Sosyal Medya Kanalları Yeni Arama Motorları Olacak
Dünyada 5 milyardan fazla sosyal medya kullanıcısı var. Instagram ve TikTok hâlihazırda pek çok insan için birer arama motoru. Bu uygulamalar günlük dijital deneyimlerin merkezi hâline geldikçe markalar da buralardaki pazarlama faaliyetlerini artırıyorlar. Bu artışın da her geçen gün devam etmesi bekleniyor.
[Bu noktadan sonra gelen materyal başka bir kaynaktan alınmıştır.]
lemma sdot_raising_product:
  assumes "1 \<le> i" "i \<le> m"
  defines "E \<equiv> raising_mat (2*m) (\<lambda>r. r = i - 1 \<or> r = 2*m - i - 1)"
  shows "sdot m i = (1\<^sub>m (2*m) - transpose_mat E) * (1\<^sub>m (2*m) + E) * (1\<^sub>m (2*m) - transpose_mat E)"
proof -
  note adj = simple_refl_blocks(2)[OF assms(1,2)]
  have "xgen m i 1 = 1\<^sub>m (2*m) + E"
    unfolding xgen_def emat_raising[OF assms(1,2)] E_def
    using raising_mat_square_zero(1)[of _ "1::complex"] adj by (subst mexp_nilp_square_zero) auto
  moreover have "ygen m i (-1) = 1\<^sub>m (2*m) - transpose_mat E"
  proof -
    have "ygen m i (-1) = 1\<^sub>m (2*m) + (-1) \<cdot>\<^sub>m transpose_mat E"
      unfolding ygen_def fmat_def emat_raising[OF assms(1,2)] E_def
      using raising_mat_square_zero(2)[of _ "-1::complex"] adj by (subst mexp_nilp_square_zero) auto
    also have "\<dots> = 1\<^sub>m (2*m) - transpose_mat E"
      by (rule eq_matI) (auto simp: E_def)
    finally show ?thesis .
  qed
  ultimately show ?thesis
    by (simp add: sdot_def)
qed

section \<open>Reduced words\<close>

text \<open>Indices and sign exponents are integers so that the closed forms below are free of
  truncated subtraction.\<close>
definition signed_perm_mat :: "nat \<Rightarrow> (int \<Rightarrow> int) \<Rightarrow> (int \<Rightarrow> int) \<Rightarrow> complex mat" where
  "signed_perm_mat n f e = monomial_mat n (\<lambda>r. nat (f (int r))) (\<lambda>r. (-1) ^ nat (e (int r)))"

lemma signed_perm_mat_mult:
  assumes "\<And>x. 0 \<le> x \<Longrightarrow> x < int n \<Longrightarrow> 0 \<le> f x \<and> f x < int n \<and> 0 \<le> e x \<and> 0 \<le> h (f x)"
  shows "signed_perm_mat n f e * signed_perm_mat n g h = signed_perm_mat n (g \<circ> f) (\<lambda>x. e x + h (f x))"
proof -
  have range: "0 \<le> f (int r) \<and> f (int r) < int n \<and> 0 \<le> e (int r) \<and> 0 \<le> h (f (int r))" if "r < n" for r
    using assms[of "int r"] that by simp
  then have "nat (f (int r)) < n" if "r < n" for r
    using that by fastforce
  then show ?thesis
    unfolding signed_perm_mat_def
    by (subst monomial_mat_mult) (use range in \<open>auto intro!: monomial_mat_cong simp: nat_add_distrib power_add\<close>)
qed

lemma signed_perm_mat_cong:
  assumes "\<And>x. 0 \<le> x \<Longrightarrow> x < int n \<Longrightarrow> f x = f' x \<and> 0 \<le> e x \<and> 0 \<le> e' x \<and> even (e x) = even (e' x)"
  shows "signed_perm_mat n f e = signed_perm_mat n f' e'"
  unfolding signed_perm_mat_def
proof (rule monomial_mat_cong)
  fix r assume "r < n"
  with assms[of "int r"] show "nat (f (int r)) = nat (f' (int r)) \<and> (-1::complex) ^ nat (e (int r)) = (-1) ^ nat (e' (int r))"
    by (simp add: minus_one_power_iff even_nat_iff)
qed

definition simple_refl_perm :: "int \<Rightarrow> int \<Rightarrow> int \<Rightarrow> int" where
  "simple_refl_perm m i x =
     (if x = i - 1 \<or> x = 2*m - i - 1 then x + 1 else if x = i \<or> x = 2*m - i then x - 1 else x)"

definition simple_refl_sign :: "int \<Rightarrow> int \<Rightarrow> int \<Rightarrow> int" where
  "simple_refl_sign m i x = (if x = i \<or> x = 2*m - i then 1 else 0)"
Dijital pazarlama dünyasında markalar, bu uygulamalarda görünürlüklerini artırmak adına kısa videolar, hikâyeler, canlı yayınlar ve etkileşimli gönderiler gibi farklı bölümlere hâkim olma yarışına girecekler. İçerik oluşturma, topluluk yönetimi, sosyal ticaret ve veri analitiği gibi başlıkları kapsayan sosyal medya pazarlamasını bütüncül bir yaklaşımla ele alan markalar; erişim, etkileşim ve müşteri sadakati açısından ciddi avantajlar elde edecek.
Özetle şöyle bir çıkarımda bulunabiliriz: 2025’in yenilikçi ve heyecan dolu yeni fırsatlar sunacağı dijital pazarlamada dünyasında, pazarlama stratejilerini, yeni trendlere şimdiden hazırlamayı başaran şirketler bir adım öne geçecek. Teknolojinin varlığını ve etkisini daha çok hissedeceğimiz 2025 yılında, bu teknolojiye entegre olabilen ve söz konusu entegrasyonu özgün fikir ve projelerle taçlandıran şirketlerin başarı hikâyelerine şahit olacağız.